Radia and Whippey raised £20,000 between them, including loans from Radia’s brother and Whippey’s parents. Turnover is currently around £120,000 – up from £50,000 in their first year.
This month, Radia and Whippey will be launching their Kickstarter campaign to help part-fund and launch their new Eat Grub Bar made with cricket flour – a rich mix of super healthy ingredients and a great source of protein. The new bar will be ready to go into production early next year, with availability to buy scheduled for April 2016. Grub have the recipe and design and are now asking the Kickstarter community for a little help, with all donators receiving different rewards for their pledges.
Grub is involved in a number of brand tie-ins. As well as Chang beer they’ve worked with Rococo Chocolates and Primal Kitchen in order to widen their audience. “We were at Wahaca’s Day of The Dead Festival recently doing insect cocktails and roasted cricket snacks for brand awareness, which was also a great platform to publicise the Kickstarter campaign,” said Whippey.

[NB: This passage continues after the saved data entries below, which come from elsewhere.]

(* Let $H_1,\dots,H_n$ be null hypotheses indexed by $\mathcal V=\{1,\dots,n\}$ with $p$-values $p_1,\dots,p_n$ that are marginally uniform on $[0,1]$ under the null; let $\bar{\mathcal S}=\{v:H_v\text{ true}\}$. Let $\mathcal G$ be a directed acyclic graph on $\mathcal V$ such that if $H_v$ is false then $H_w$ is false for every ancestor $w$ of $v$, and let $\mathcal C_v$ be $v$ together with its descendants. Let $Z_v=\Phi^{-1}(p_v)$, where $\Phi$ is the standard normal CDF, and assume $Z_{\bar{\mathcal S}}\sim\mathcal N(0,R)$ for some correlation matrix $R$. For weights $\pi_{vw}\ge0$ with $\sum_{w\in\mathcal C_v}\pi_{vw}=1$, define \[\tilde p_v=\begin{cases}1 & \text{if }\sum_{w\in\mathcal C_v}\pi_{vw}Z_w\ge0,\\ \Phi\big(\sum_{w\in\mathcal C_v}\pi_{vw}Z_w\big)&\text{otherwise.}\end{cases}\] Then $\Pr(\tilde p_v\le\alpha)\le\alpha$ for all $\alpha\in[0,1]$ and all $v\in\bar{\mathcal S}$. *)

theory Defs
  imports "HOL-Probability.Probability"
begin

text \<open>Standard normal CDF and its inverse (on (0,1); values outside are irrelevant).\<close>
definition Phi :: "real \<Rightarrow> real" where
  "Phi x = (LINT t:{..x}|lborel. std_normal_density t)"

definition Phi_inv :: "real \<Rightarrow> real" where
  "Phi_inv q = (THE z. Phi z = q)"

definition desc_closed :: "(nat \<times> nat) set \<Rightarrow> nat \<Rightarrow> nat set" where
  "desc_closed E v = {v} \<union> {w. (v, w) \<in> E\<^sup>+}"

text \<open>Z restricted to the index set S is a centred Gaussian vector with covariance R:
  every linear combination is N(0, c^T R c) (degenerate at 0 when the variance is 0).\<close>
definition centered_gaussian_vector ::
  "'a measure \<Rightarrow> (nat \<Rightarrow> 'a \<Rightarrow> real) \<Rightarrow> nat set \<Rightarrow> (nat \<Rightarrow> nat \<Rightarrow> real) \<Rightarrow> bool" where
  "centered_gaussian_vector M Z S R \<longleftrightarrow>
     (\<forall>c :: nat \<Rightarrow> real.
        let Y = (\<lambda>x. \<Sum>w\<in>S. c w * Z w x);
            s = (\<Sum>v\<in>S. \<Sum>w\<in>S. c v * c w * R v w)
        in (s > 0 \<longrightarrow> distributed M lborel Y (normal_density 0 (sqrt s)))
         \<and> (s = 0 \<longrightarrow> Y \<in> borel_measurable M \<and> (AE x in M. Y x = 0)))"
lemma div_power_bounds:
  fixes n L :: nat
  shows "real n / 2 ^ L - 1 \<le> real (n div 2 ^ L)" and "real (n div 2 ^ L) \<le> real n / 2 ^ L"
  using floor_divide_of_nat_eq[of n "2 ^ L", where 'a=real]
    of_int_floor_le[of "real n / 2 ^ L"] real_of_int_floor_add_one_gt[of "real n / 2 ^ L"]
  by simp_all

text \<open>The shape of the leading-order cost as a function of \<open>a = r (L - L\<^sup>*)\<close>.\<close>
definition twocosh :: "real \<Rightarrow> real" where
  "twocosh a = 2 powr a + 2 powr (- a)"

lemma twocosh_abs: "twocosh \<bar>a\<bar> = twocosh a"
  unfolding twocosh_def by (cases "a \<ge> 0") auto

text \<open>\<open>x + 1/x\<close> is strictly increasing for \<open>x \<ge> 1\<close>.\<close>
lemma twocosh_strict_mono_nonneg:
  assumes "0 \<le> a" "a < b"
  shows "twocosh a < twocosh b"
proof -
  define x y where "x = (2::real) powr a" and "y = (2::real) powr b"
  have xy: "1 \<le> x" "x < y" unfolding x_def y_def using assms by (auto intro: ge_one_powr_ge_zero)
  have "y + 1 / y - (x + 1 / x) = (y - x) * (x * y - 1) / (x * y)"
    using xy by (simp add: field_simps)
  moreover have "0 < (y - x) * (x * y - 1) / (x * y)"
    using xy by (smt (verit) divide_pos_pos mult_less_cancel_left1 mult_pos_pos)
  ultimately show ?thesis
    unfolding twocosh_def x_def y_def by (simp add: powr_minus_divide)
qed

lemma twocosh_mono_abs: "\<bar>a\<bar> \<le> \<bar>b\<bar> \<Longrightarrow> twocosh a \<le> twocosh b"
  by (metis abs_ge_zero order.order_iff_strict twocosh_abs twocosh_strict_mono_nonneg)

The decision by organic supermarket Planet Organic to take on the company’s freeze-dried cooking range of insects was a major boost following six months of testing. They were also selected this year by advertising agencies Ogilvy and Mindshare as a template for research on advertising insights in the new sector. “We’ve completed a number of events with them this year as a result. This has given us a very positive outlook going forward, and great confidence in our brand,” added Whippey.
As well as their cricket farm and cook book, Whippey and Radia are looking to develop a range of flavours for their Eat Grub Bar. “We’re passionate about providing our customers with a journey through insects, starting with our new Eat Grub Bar, moving through our pre-roasted whole cricket snacks and then finally trying to cook themselves with our dried range,” said Whippey. “We want to show that truly, insects are good food, in every way.”